Современные националисты знают, в чем заключаются положительные атрибуты русскости; но, как и их предшественникам в XIX веке, им нужно обозначить обладателя этих атрибутов. Если большинство русских интеллектуалов обязано (и всегда было обязано) своими идеями, философией и самими понятиями, в которых они обсуждаются, Западу (то есть воплощению всего чуждого русскому духу) – следовательно, они не могут обладать истинно русскими качествами. В середине XIX века славянофилы нашли идеальную сущность, которая могла бы воплощать эти ценности, в «народе», и провозгласили «русское крестьянство» «знаменосцем нации» [Greenfeld 1992: 258]. Сегодня туже роль играет провинция.
«Народ» составлял «существенный элемент славянофильской утопии» [Walicki 1975: 231], и о нем было принято говорить в возвышенных, хотя и абстрактных терминах сохранения традиций и противостояния внешним влияниям. Эта утопия помещалась в прошлом допетровской Руси, представляемой как идеализированное общество; центром ее была крестьянская община, живущая в соответствии с традициями и принципами соборности. Писатель Константин Аксаков, один из самых страстных приверженцев славянофильской «народомании» [Walicki 1975: 267], неоднократно противопоставлял образованную публику, все существование которой основывалось на заимствованных идеях и ценностях, с одной стороны, и «народ», сохранивший подлинную русскость, с другой. «Простой народ есть основание всего общественного здания страны. И источник вещественного благосостояния, и источник внешнего могущества, источник внутренней силы и жизни, и наконец, мысль всей страны пребывают в простом народе» [Аксаков 2009: 296]. Крестьянская община особенно привлекала славянофилов, воспринимавших ее как воплощение принципов общественной собственности и образа жизни, прямо противоположного западному индивидуализму [Rabow-Edling 2006]. Образованные и прозападные круги России не соответствовали этому стандарту; таким образом, их отчуждение от народа стало насущной проблемой русской мысли. Ясно, что славянофилы представляли себе «народ» как культурный миф, воображаемый и определяемый как нечто отличное от образованных классов и, как следствие, Запада[14]
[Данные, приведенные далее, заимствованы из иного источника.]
(* Consider the problem $(P_1)$: $\min_{x\in Q}\{f(x):\mathbf{A}x=b\}$, and its dual function $\varphi$. Assume: (i) for some $\nu\in[0,1]$ the subgradients $\nabla\varphi(\lambda)=b-\mathbf{A}x(\lambda)$ used by the algorithm satisfy $\|\nabla\varphi(\lambda)-\nabla\varphi(\lambda')\|_2\le M_\nu\|\lambda-\lambda'\|_2^\nu$ for all $\lambda,\lambda'$, with $M_\nu<\infty$; (ii) the dual problem $\min_{\lambda}\varphi(\lambda)$ has a solution $\lambda^*$ with $\|\lambda^*\|_2\le R$ for some $R>0$; (iii) there is no duality gap: $\min_{x\in Q}\{f(x):\mathbf{A}x=b\}=-\varphi(\lambda^* )$. Let $\varepsilon>0$. Then for every $k\ge1$ the points $\hat x^k\in Q$, $\eta^k$ generated by Algorithm PDUGDsDR satisfy $$\|\mathbf{A}\hat x^k-b\|_2\le\frac{2R}{A_k}+\frac{\varepsilon}{2R},\qquad|\varphi(\eta^k)+f(\hat x^k)|\le\frac{2R^2}{A_k}+\frac\varepsilon2,$$ where $$A_k\ge c_\nu\,\frac{k^{\frac{1+3\nu}{1+\nu}}\varepsilon^{\frac{1-\nu}{1+\nu}}}{2^{\frac{1+3\nu}{1+\nu}}M_\nu^{\frac{2}{1+\nu}}},\qquad c_\nu=\left[\frac{1+\nu}{1-\nu}\right]^{\frac{1-\nu}{1+\nu}}\ (\nu<1),\ c_1=1.$$
   Context: $E$ is a finite-dimensional real vector space, $Q\subseteq E$ is a closed convex set, $f:Q\to\mathbb{R}$ is convex, $H$ is a finite-dimensional real Euclidean space (identified with its dual $\Lambda=H^*$, with norm $\|\cdot\|_2$), $\mathbf{A}:E\to H$ is linear and $b\in H$. The dual objective (to be minimized) is $$\varphi(\lambda)=\langle\lambda,b\rangle+\max_{x\in Q}\big(-f(x)-\langle\mathbf{A}^T\lambda,x\rangle\big),\quad\lambda\in\Lambda,$$ where it is assumed that the maximum is attained for every $\lambda$; $x(\lambda)$ denotes a maximizer, and $b-\mathbf{A}x(\lambda)$ is then a subgradient of the convex function $\varphi$ at $\lambda$. Algorithm PDUGDsDR (input accuracy $\varepsilon>0$): set $A_0=0$, $\eta^0=\zeta^0=0$. For $k=0,1,2,\dots$: 1. $\beta_k\in\arg\min_{\beta\in[0,1]}\varphi(\zeta^k+\beta(\eta^k-\zeta^k))$, $\lambda^k=\zeta^k+\beta_k(\eta^k-\zeta^k)$. 2. Choose a maximizer $x(\lambda^k)$ such that $g^k:=\nabla\varphi(\lambda^k)=b-\mathbf{A}x(\lambda^k)$ satisfies $\langle g^k,\zeta^k-\lambda^k\rangle\ge0$ (such a choice exists). Let $h_{k+1}\in\arg\min_{h\ge0}\varphi(\lambda^k-hg^k)$ and $\eta^{k+1}=\lambda^k-h_{k+1}g^k$. 3. $a_{k+1}$ is the largest solution of $\varphi(\eta^{k+1})=\varphi(\lambda^k)-\frac{a_{k+1}^2}{2(A_k+a_{k+1})}\|g^k\|_2^2+\frac{\varepsilon a_{k+1}}{2(A_k+a_{k+1})}$; $A_{k+1}=A_k+a_{k+1}$. 4. $\zeta^{k+1}=\zeta^k-a_{k+1}g^k$. 5. $\hat x^{k+1}=\frac1{A_{k+1}}\sum_{i=0}^k a_{i+1}x(\lambda^i)$. All minima are assumed attained and $g^k\neq0$ for all iterations considered. *)

theory Defs
  imports "HOL-Analysis.Analysis"
begin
. Русская литература изобилует яркими, пусть и не всегда позитивными, образами представителей народа – от карамзинской «бедной Лизы» до крестьян Толстого, Тургенева, Чехова. Однако, при всей своей привлекательности и убедительности, эти персонажи представляют собой лишь авторскую интерпретацию культурного мифа о крестьянстве. Сами крестьяне, как и все подчиненные группы, безмолвствуют, сколько бы красноречивых и благонамеренных господ от их имени ни высказывалось.Федора Достоевского так же, как и славянофилов, глубоко тревожило увлечение России Европой. В своих путевых заметках «Зимние записки о летних впечатлениях» (1863) он сокрушается о том, что представители образованной элиты становятся иностранцами на своей собственной земле, и обрушивает свой гнев на «рабское преклонение именно перед европейскими формами цивилизации». Однако, когда Достоевский призывает к «вере в свои собственные, национальные силы» или выражает убеждение, что существует «какое-то химическое соединение человеческого духа с родной землей», он не предлагает никаких разъяснений по поводу того, что же составляет эту силу и связь [Достоевский 1982]. Народ остается неопределенным носителем столь же неопределенной национальной идеи. Записки Достоевского представляют собой упражнение на подстановку: то, что заявлено как впечатления от зарубежья, на самом деле – обсуждение русской национальной идеи в сравнении и по контрасту с тем, что он называет Западом. Здесь же мы видим и упражнение в ресентименте: Достоевский порицает образованную элиту за навязывание России европейских идей и стандартов, тем самым подтверждая, что этого сравнения России не выдержать. Он отказывается принимать Запад за образец и постоянно порочит его. Полушутя, полусерьезно он высказывает предположение, что осуждение Запада – долг русского патриота: «любить родину – значит ругать иностранцев» [Достоевский 1982][15]
.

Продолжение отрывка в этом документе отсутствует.